As much as rec.gov sucked this time, the Dino's were the finest folks ever. 

I long for the old days. Rec.gov needs to step up or fade away. Quickly


----------



## markhusbands (Aug 17, 2015)

Running afoul of website hickups is no fun, but I've used rec.gov for all sorts of purposes and it's been pretty easy in my opinion.


----------



## okieboater (Oct 19, 2004)

Remember when commercial airports check in was nationalized because the private operators were not thought to be qualified to do the job ?

Same politicians most likely gave us Rec dot gov

I will take the Ranger for the Salt River in AZ any day over rec dot gov. And, I believe he did the entire deal in his spare time. I remember when he sent folks who got a permit emails on weather, flow and such.


----------



## shoptech1 (Jul 31, 2008)

his name is Don Sullivan- aka Donnie Jesus! he's the greatest!


----------



## mania (Oct 21, 2003)

fdon said:


> Come to find out, rec.gov had recently overhauled their website, screwed up my initial choices and I could not print the ticket to go.


I had a camping reservation during this time. I clearly got an email beforehand saying the site would be down and I should print it ahead of time. Yeah websites upgrade every now and then. Sound like user error to me.


----------



## Electric-Mayhem (Jan 19, 2004)

I do like the format and ease of use of the new website now that it is up and running. It is more streamlined and easier to see when stuff is available. Might be a double edged sword though... easier to use means more people will use it.

For what its worth...it sounds like the contract to run Rec.gov has changed hands and that was a major reason for the down time. Hopefully this new group won't be quite as crooked and shady. For all I know... its just the same people with a new name though...so I'll withhold judgement.


----------



## Liquido (Feb 27, 2012)

mania said:


> I had a camping reservation during this time. I clearly got an email beforehand saying the site would be down and I should print it ahead of time. Yeah websites upgrade every now and then. Sound like user error to me.


Or more than likely you're full of crap. River permits are much more complicated than your camping reservation. 

I have a Lodore Permit for next week. I was aware the site was going to be down so I dialed things in prior to that happening. Once it was back up my group size was dropped by the system to 2 people instead of 15 and there were other problems. I was unable to correct online. 3 calls and lot of time on hold finally solved the problem, but only after talking to Rec.gov folks who couldn't help. The "permit specialist" didn't call me back as scheduled. I was again on hold for almost an hour because their "call back" feature doesn't work. The system for river permits is a joke. 

Besides ongoing problems within the permit system the ability to score a cancellation permit has become severely compromised. 

I sure miss the days of the river office being in charge of permits. But those days are over.

I agree that Rec.gov Sucks!!!


----------



## Electric-Mayhem (Jan 19, 2004)

Funny...I too have a launch next week and I was and am still able to modify my permit on rec.gov as soon as the new site was up and running a couple weeks ago. I ended up moving my date from October 21st to the 30th, which I had to call in to do.
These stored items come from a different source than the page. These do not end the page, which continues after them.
(* Let $i\in\mathbb{N}$ be fixed. Let $G\in\mathcal{G}_{k,n,p}$ and $v\neq w\in V(G)$, and let $X=X_0,X_1,\dots$ be a simple random walk on $G$. Then \[ \mathbb{P}[T_{wv}=i]=\mathbb{P}_w[X_i=v]\pm\mathcal{O}\!\left(\frac{1}{p^2n^2}\right). \]
   Context: Fix an integer $k\ge2$ and let $p=p(n)$ satisfy $\frac{\log n}{n^{(k-1)/k}}\le p\le 1-\Omega(\frac{\log^4 n}{n})$. $\mathcal{G}_{k,n,p}$ denotes the set of graphs $G$ on $n$ vertices satisfying: (i) $G$ is not bipartite; (ii) $\operatorname{diam}(G)\le k$; (iii) every vertex has degree $d(v)=pn\pm\mathcal{O}(\sqrt{pn\log n})$; (iv) $2|E(G)|=pn^2\pm\mathcal{O}(\sqrt{pn^2\log n})$; (v) $|N(v)\cap N(w)|=p^2n\pm\mathcal{O}(\max\{\sqrt{p^2n\log n},\log n\})$ for all $v\ne w$; (vi) the unit eigenvector $\phi$ of the largest adjacency eigenvalue has entries $\phi_i=\frac1{\sqrt n}\pm\mathcal{O}(\frac{\log^{3/2}n}{\sqrt p\,n\log(pn)})$; (vii) $\lambda_1=(1+o(1))pn$; (viii) $\max\{|\lambda_2|,|\lambda_n|\}=\mathcal{O}(\sqrt{pn})$, where $\lambda_1\ge\dots\ge\lambda_n$ are the adjacency eigenvalues. Asymptotic notation is as $n\to\infty$ with constants independent of $n$. $\mathbb{P}_w[\cdot]=\mathbb{P}[\cdot\mid X_0=w]$, and $T_{wv}$ is the first time the walk started at $w$ hits $v$. *)

theory Defs
  imports "HOL-Analysis.Analysis" "Jordan_Normal_Form.Char_Poly"
begin

definition simple_graph :: "nat \<Rightarrow> (nat \<Rightarrow> nat \<Rightarrow> bool) \<Rightarrow> bool" where
  "simple_graph n E \<longleftrightarrow> (\<forall>x y. E x y \<longrightarrow> x < n \<and> y < n \<and> x \<noteq> y \<and> E y x)"

definition bipartite :: "nat \<Rightarrow> (nat \<Rightarrow> nat \<Rightarrow> bool) \<Rightarrow> bool" where
  "bipartite n E \<longleftrightarrow> (\<exists>S \<subseteq> {..<n}. \<forall>x<n. \<forall>y<n. E x y \<longrightarrow> (x \<in> S \<longleftrightarrow> y \<notin> S))"

fun is_walk :: "(nat \<Rightarrow> nat \<Rightarrow> bool) \<Rightarrow> nat \<Rightarrow> nat list \<Rightarrow> bool" where
  "is_walk E x [] = True"
| "is_walk E x (y # ys) = (E x y \<and> is_walk E y ys)"

definition diam_le :: "nat \<Rightarrow> (nat \<Rightarrow> nat \<Rightarrow> bool) \<Rightarrow> nat \<Rightarrow> bool" where
  "diam_le n E k \<longleftrightarrow> (\<forall>x<n. \<forall>y<n. \<exists>xs. length xs \<le> k \<and> is_walk E x xs \<and> last (x # xs) = y)"

definition deg :: "nat \<Rightarrow> (nat \<Rightarrow> nat \<Rightarrow> bool) \<Rightarrow> nat \<Rightarrow> nat" where
  "deg n E x = card {y. y < n \<and> E x y}"

definition num_edges :: "nat \<Rightarrow> (nat \<Rightarrow> nat \<Rightarrow> bool) \<Rightarrow> nat" where
  "num_edges n E = card {{x, y} | x y. x < n \<and> y < n \<and> E x y}"

definition codeg :: "nat \<Rightarrow> (nat \<Rightarrow> nat \<Rightarrow> bool) \<Rightarrow> nat \<Rightarrow> nat \<Rightarrow> nat" where
  "codeg n E x y = card {z. z < n \<and> E x z \<and> E y z}"

definition adj_mat :: "nat \<Rightarrow> (nat \<Rightarrow> nat \<Rightarrow> bool) \<Rightarrow> real mat" where
  "adj_mat n E = mat n n (\<lambda>(i, j). if E i j then 1 else 0)"

definition adj_eigs :: "nat \<Rightarrow> (nat \<Rightarrow> nat \<Rightarrow> bool) \<Rightarrow> real list" where
  "adj_eigs n E = (THE L. length L = n \<and> sorted_wrt (\<ge>) L \<and>
      char_poly (adj_mat n E) = prod_list (map (\<lambda>a. [:- a, 1:]) L))"

text \<open>lambda_j for 1 <= j <= n.\<close>
definition eig :: "nat \<Rightarrow> (nat \<Rightarrow> nat \<Rightarrow> bool) \<Rightarrow> nat \<Rightarrow> real" where
  "eig n E j = adj_eigs n E ! (j - 1)"

text \<open>The class G_{k,n,p}; the constants hidden in the O-terms and the o(1)-term are
  explicit parameters: Cd (degrees), Ce (edges), Cc (codegrees), Cphi (eigenvector),
  eps (the o(1) of (vii)), Cl (second eigenvalues).\<close>
definition in_Gclass ::
  "nat \<Rightarrow> real \<Rightarrow> real \<Rightarrow> real \<Rightarrow> real \<Rightarrow> real \<Rightarrow> real \<Rightarrow> real \<Rightarrow>
   nat \<Rightarrow> (nat \<Rightarrow> nat \<Rightarrow> bool) \<Rightarrow> bool" where
  "in_Gclass k p Cd Ce Cc Cphi eps Cl n E \<longleftrightarrow>
     simple_graph n E \<and>
     \<not> bipartite n E \<and>
     diam_le n E k \<and>
     (\<forall>x<n. \<bar>real (deg n E x) - p * n\<bar> \<le> Cd * sqrt (p * n * ln n)) \<and>
     \<bar>2 * real (num_edges n E) - p * n^2\<bar> \<le> Ce * sqrt (p * n^2 * ln n) \<and>
     (\<forall>x<n. \<forall>y<n. x \<noteq> y \<longrightarrow>
        \<bar>real (codeg n E x y) - p^2 * n\<bar> \<le> Cc * max (sqrt (p^2 * n * ln n)) (ln n)) \<and>
     (\<exists>\<phi> \<in> carrier_vec n. adj_mat n E *\<^sub>v \<phi> = eig n E 1 \<cdot>\<^sub>v \<phi> \<and>
        (\<Sum>i<n. (\<phi> $ i)^2) = 1 \<and>
        (\<forall>i<n. \<bar>\<phi> $ i - 1 / sqrt n\<bar> \<le> Cphi * (ln n powr (3/2) / (sqrt p * n * ln (p * n))))) \<and>
     \<bar>eig n E 1 - p * n\<bar> \<le> eps * (p * n) \<and>
     max \<bar>eig n E 2\<bar> \<bar>eig n E n\<bar> \<le> Cl * sqrt (p * n)"

definition trans_prob :: "nat \<Rightarrow> (nat \<Rightarrow> nat \<Rightarrow> bool) \<Rightarrow> nat \<Rightarrow> nat \<Rightarrow> real" where
  "trans_prob n E x y = (if E x y then 1 / real (deg n E x) else 0)"

fun path_prob :: "nat \<Rightarrow> (nat \<Rightarrow> nat \<Rightarrow> bool) \<Rightarrow> nat \<Rightarrow> nat list \<Rightarrow> real" where
  "path_prob n E x [] = 1"
| "path_prob n E x (y # ys) = trans_prob n E x y * path_prob n E y ys"

text \<open>P_w[X_i = v]: sum over all trajectories X_1..X_i with X_i = v.\<close>
definition prob_at :: "nat \<Rightarrow> (nat \<Rightarrow> nat \<Rightarrow> bool) \<Rightarrow> nat \<Rightarrow> nat \<Rightarrow> nat \<Rightarrow> real" where
  "prob_at n E w i v =
     (\<Sum>xs\<in>{xs. set xs \<subseteq> {..<n} \<and> length xs = i}.
        if last (w # xs) = v then path_prob n E w xs else 0)"

definition prob_hit :: "nat \<Rightarrow> (nat \<Rightarrow> nat \<Rightarrow> bool) \<Rightarrow> nat \<Rightarrow> nat \<Rightarrow> nat \<Rightarrow> real" where
  "prob_hit n E w i v =
     (\<Sum>xs\<in>{xs. set xs \<subseteq> {..<n} \<and> length xs = i}.
        if last (w # xs) = v \<and> v \<notin> set (butlast (w # xs)) then path_prob n E w xs else 0)"

end

theory Submission
  imports Defs "HOL-Real_Asymp.Real_Asymp"
begin

text \<open>If the walk from \<open>w \<noteq> v\<close> is at \<open>v\<close> at time \<open>i\<close> but \<open>i\<close> is not the hitting time,
  then it was at \<open>v\<close> also at some time \<open>j < i\<close>. For each of the fewer than \<open>i\<close> choices of \<open>j\<close>
  this needs two steps into \<open>v\<close>, and every step into \<open>v\<close> has probability at most one over the
  minimum degree. Degree concentration and \<open>pn \<ge> n\<^sup>1\<^sup>/\<^sup>k log n\<close>, which is much larger than
  \<open>log n\<close>, make the minimum degree at least \<open>pn / 2\<close>; hence
  \<open>0 \<le> P\<^sub>w[X\<^sub>i = v] - P[T\<^sub>w\<^sub>v = i] \<le> i (2 / pn)\<^sup>2\<close>.\<close>

lemma trans_prob_nonneg: "trans_prob n E x y \<ge> 0"
  by (simp add: trans_prob_def)

lemma path_prob_nonneg: "path_prob n E x xs \<ge> 0"
  by (induction xs arbitrary: x) (auto simp: trans_prob_nonneg)

lemma sum_trans_prob_le_1: "(\<Sum>y<n. trans_prob n E x y) \<le> 1"
proof -
  have "(\<Sum>y<n. trans_prob n E x y) = (\<Sum>y\<in>{y. y < n \<and> E x y}. 1 / real (deg n E x))"
    unfolding trans_prob_def by (rule sum.mono_neutral_cong_right) auto
  also have "\<dots> = real (deg n E x) * (1 / real (deg n E x))"
    by (simp add: deg_def)
  also have "\<dots> \<le> 1"
    by (cases "deg n E x = 0") auto
  finally show ?thesis .
qed

lemma sum_lists_length_Suc:
  assumes "finite A"
  shows "(\<Sum>xs\<in>{xs. set xs \<subseteq> A \<and> length xs = Suc m}. f xs) =
    (\<Sum>y\<in>A. \<Sum>ys\<in>{xs. set xs \<subseteq> A \<and> length xs = m}. f (y # ys))"
proof -
  have "(\<Sum>xs\<in>{xs. set xs \<subseteq> A \<and> length xs = Suc m}. f xs) =
      sum (f \<circ> (\<lambda>(ys, y). y # ys)) ({xs. set xs \<subseteq> A \<and> length xs = m} \<times> A)"
    unfolding lists_length_Suc_eq by (rule sum.reindex) (rule inj_split_Cons)
  also have "\<dots> = (\<Sum>ys\<in>{xs. set xs \<subseteq> A \<and> length xs = m}. \<Sum>y\<in>A. f (y # ys))"
    by (simp add: sum.cartesian_product comp_def split_beta)
  also have "\<dots> = (\<Sum>y\<in>A. \<Sum>ys\<in>{xs. set xs \<subseteq> A \<and> length xs = m}. f (y # ys))"
    by (rule sum.swap)
  finally show ?thesis .
qed

text \<open>The marked positions of \<open>ms\<close> are the times at which the walk is required to be at \<open>v\<close>.\<close>

lemma prob_at_marked_times_le:
  assumes into_v: "\<And>x. trans_prob n E x v \<le> d" and "d \<ge> 0"
  shows "(\<Sum>xs\<in>{xs. set xs \<subseteq> {..<n} \<and> length xs = length ms}.
      if list_all2 (\<lambda>b y. b \<longrightarrow> y = v) ms xs then path_prob n E x xs else 0)
    \<le> d ^ length (filter id ms)"
proof (induction ms arbitrary: x)
  case Nil
  have "{xs::nat list. set xs \<subseteq> {..<n} \<and> length xs = 0} = {[]}"
    by auto
  then show ?case
    by simp
next
  case (Cons b ms)
  define S where "S y = (\<Sum>xs\<in>{xs. set xs \<subseteq> {..<n} \<and> length xs = length ms}.
      if list_all2 (\<lambda>b y. b \<longrightarrow> y = v) ms xs then path_prob n E y xs else 0)" for y
  have S_le: "S y \<le> d ^ length (filter id ms)" for y
    unfolding S_def by (rule Cons.IH)
  have S_nonneg: "S y \<ge> 0" for y
    unfolding S_def by (rule sum_nonneg) (auto simp: path_prob_nonneg)
  have "(\<Sum>xs\<in>{xs. set xs \<subseteq> {..<n} \<and> length xs = length (b # ms)}.
      if list_all2 (\<lambda>b y. b \<longrightarrow> y = v) (b # ms) xs then path_prob n E x xs else 0)
    = (\<Sum>y<n. if b \<longrightarrow> y = v then trans_prob n E x y * S y else 0)"
    by (simp add: sum_lists_length_Suc S_def sum_distrib_left if_distrib cong: if_cong)
      (rule sum.cong; auto)
  also have "\<dots> \<le> d ^ length (filter id (b # ms))"
  proof (cases b)
    case True
    then have "(\<Sum>y<n. if b \<longrightarrow> y = v then trans_prob n E x y * S y else 0)
        = (if v < n then trans_prob n E x v * S v else 0)"
      by (simp add: sum.delta')
    also have "\<dots> \<le> d * d ^ length (filter id ms)"
      using S_nonneg S_le into_v \<open>d \<ge> 0\<close> by (auto intro!: mult_mono)
    finally show ?thesis
      using True by simp
  next
    case False
    then have "(\<Sum>y<n. if b \<longrightarrow> y = v then trans_prob n E x y * S y else 0)
        = (\<Sum>y<n. trans_prob n E x y * S y)"
      by simp
    also have "\<dots> \<le> (\<Sum>y<n. trans_prob n E x y) * d ^ length (filter id ms)"
      unfolding sum_distrib_right
      by (rule sum_mono) (auto intro!: mult_left_mono S_le trans_prob_nonneg)
    also have "\<dots> \<le> d ^ length (filter id ms)"
      using sum_trans_prob_le_1 \<open>d \<ge> 0\<close>
      by (auto intro!: mult_left_le_one_le sum_nonneg trans_prob_nonneg)
    finally show ?thesis
      using False by simp
  qed
  finally show ?case .
qed

lemma prob_at_times_le:
  assumes "\<And>x. trans_prob n E x v \<le> d" "d \<ge> 0" and "T \<subseteq> {..<i}"
  shows "(\<Sum>xs\<in>{xs. set xs \<subseteq> {..<n} \<and> length xs = i}.
      if \<forall>t\<in>T. xs ! t = v then path_prob n E w xs else 0) \<le> d ^ card T"
proof -
  define ms where "ms = map (\<lambda>t. t \<in> T) [0..<i]"
  have "length (filter id ms) = card {t. t < i \<and> t \<in> T}"
    unfolding ms_def length_filter_conv_card by (intro arg_cong[where f = card]) auto
  also have "{t. t < i \<and> t \<in> T} = T"
    using \<open>T \<subseteq> {..<i}\<close> by auto
  finally have card_T: "length (filter id ms) = card T" .
  have marks_iff: "list_all2 (\<lambda>b y. b \<longrightarrow> y = v) ms xs \<longleftrightarrow> (\<forall>t\<in>T. xs ! t = v)"
    if "length xs = i" for xs
    using that \<open>T \<subseteq> {..<i}\<close> by (auto simp: ms_def list_all2_conv_all_nth)
  have "length ms = i"
    by (simp add: ms_def)
  have "(\<Sum>xs\<in>{xs. set xs \<subseteq> {..<n} \<and> length xs = i}.
      if \<forall>t\<in>T. xs ! t = v then path_prob n E w xs else 0) =
    (\<Sum>xs\<in>{xs. set xs \<subseteq> {..<n} \<and> length xs = i}.
      if list_all2 (\<lambda>b y. b \<longrightarrow> y = v) ms xs then path_prob n E w xs else 0)"
    by (intro sum.cong refl) (auto simp: marks_iff)
  also have "\<dots> \<le> d ^ length (filter id ms)"
    using prob_at_marked_times_le[OF assms(1,2), of ms w] unfolding \<open>length ms = i\<close> .
  also have "\<dots> = d ^ card T"
    by (simp only: card_T)
  finally show ?thesis .
qed
theorem theorem3:
  fixes \<rho>0 :: "('s::countable) pmf"
    and r :: "'s \<Rightarrow> ('a::countable) \<Rightarrow> real"
    and p phat :: "'s \<Rightarrow> 'a \<Rightarrow> 's pmf"
    and \<pi>D \<pi> :: "'s \<Rightarrow> 'a pmf"
    and \<gamma> rmax \<epsilon>\<pi> \<epsilon>m :: real
    and k :: nat
  assumes "0 < \<gamma>" and "\<gamma> < 1"
    and "\<forall>s a. \<bar>r s a\<bar> \<le> rmax"
    and "\<forall>s. dTV (\<pi>D s) (\<pi> s) \<le> \<epsilon>\<pi>"
    and "\<forall>t i. t - k \<le> i \<and> i < t \<longrightarrow>
           measure_pmf.expectation (branch_state \<rho>0 k \<pi>D p \<pi> p t i)
             (\<lambda>s. measure_pmf.expectation (\<pi> s) (\<lambda>a. dTV (p s a) (phat s a))) \<le> \<epsilon>m"
  shows "return \<rho>0 \<gamma> r \<pi> p \<ge> branched_return \<rho>0 \<gamma> r k \<pi>D p \<pi> phat
           - 2 * rmax * (\<gamma> ^ (k + 1) * \<epsilon>\<pi> / (1 - \<gamma>)^2 + \<gamma> ^ k * \<epsilon>\<pi> / (1 - \<gamma>)
                         + real k / (1 - \<gamma>) * \<epsilon>m)"
proof -
  define reward where
    "reward \<mu> = measure_pmf.expectation (bind_pmf \<mu> (\<lambda>s. map_pmf (\<lambda>a. (s, a)) (\<pi> s))) (\<lambda>(s, a). r s a)"
    for \<mu> :: "'s pmf"
  have r_bounded: "\<bar>case_prod r x\<bar> \<le> rmax" for x
    using assms(3) by (auto split: prod.splits)
  have model: "\<forall>t i. t - k \<le> i \<and> i < t \<longrightarrow>
      measure_pmf.expectation (branch_state \<rho>0 k \<pi>D p \<pi> p t i) (model_error \<pi> p phat) \<le> \<epsilon>m"
    using assms(5) unfolding model_error_def[abs_def] .
  have gap: "reward (branch_state \<rho>0 k \<pi>D p \<pi> phat t t) - reward (state_law \<rho>0 \<pi> p t)
      \<le> 2 * rmax * (real (t - k) * \<epsilon>\<pi> + k * \<epsilon>m)" for t
    using tv_leD[where f="case_prod r",
        OF tv_le_bind_pmf_left[OF tv_le_state_law_branch_state[OF assms(4) model]] r_bounded]
    unfolding reward_def by (simp add: abs_le_iff)
  have "(\<Sum>t. \<gamma> ^ t * reward (branch_state \<rho>0 k \<pi>D p \<pi> phat t t))
      - (\<Sum>t. \<gamma> ^ t * reward (state_law \<rho>0 \<pi> p t))
      \<le> 2 * rmax * (\<gamma> ^ (k + 1) * \<epsilon>\<pi> / (1 - \<gamma>)^2 + real k / (1 - \<gamma>) * \<epsilon>m)"
    using assms(1,2) r_bounded sums_discounted_branch_error[OF less_imp_le[OF assms(1)] assms(2)]
    by (intro suminf_discounted_diff_le[where M=rmax, OF _ _ _ _ gap])
       (auto simp: reward_def intro!: abs_expectation_le)
  moreover have "0 \<le> 2 * rmax * (\<gamma> ^ k * \<epsilon>\<pi> / (1 - \<gamma>))"
  proof -
    have "0 \<le> rmax" "0 \<le> \<epsilon>\<pi>"
      using assms(3,4) dTV_nonneg by (meson abs_ge_zero order_trans)+
    with assms(1,2) show ?thesis
      by simp
  qed
  ultimately show ?thesis
    unfolding return_def branched_return_def branch_sa_def reward_def by (simp add: distrib_left)
qed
The ranger I talked to said she had to get creative, but that was mostly because she was still learning the new system.

Like I said in my previous post... this all happened because the whole rec.gov system changed hands from one private contractor to another.

As far as I can tell...it went from being "Everyone called in at 8am and hope they got lucky" to now everyone does the same thing with the website (except its not clear what time they actually put the cancellations up when they happen).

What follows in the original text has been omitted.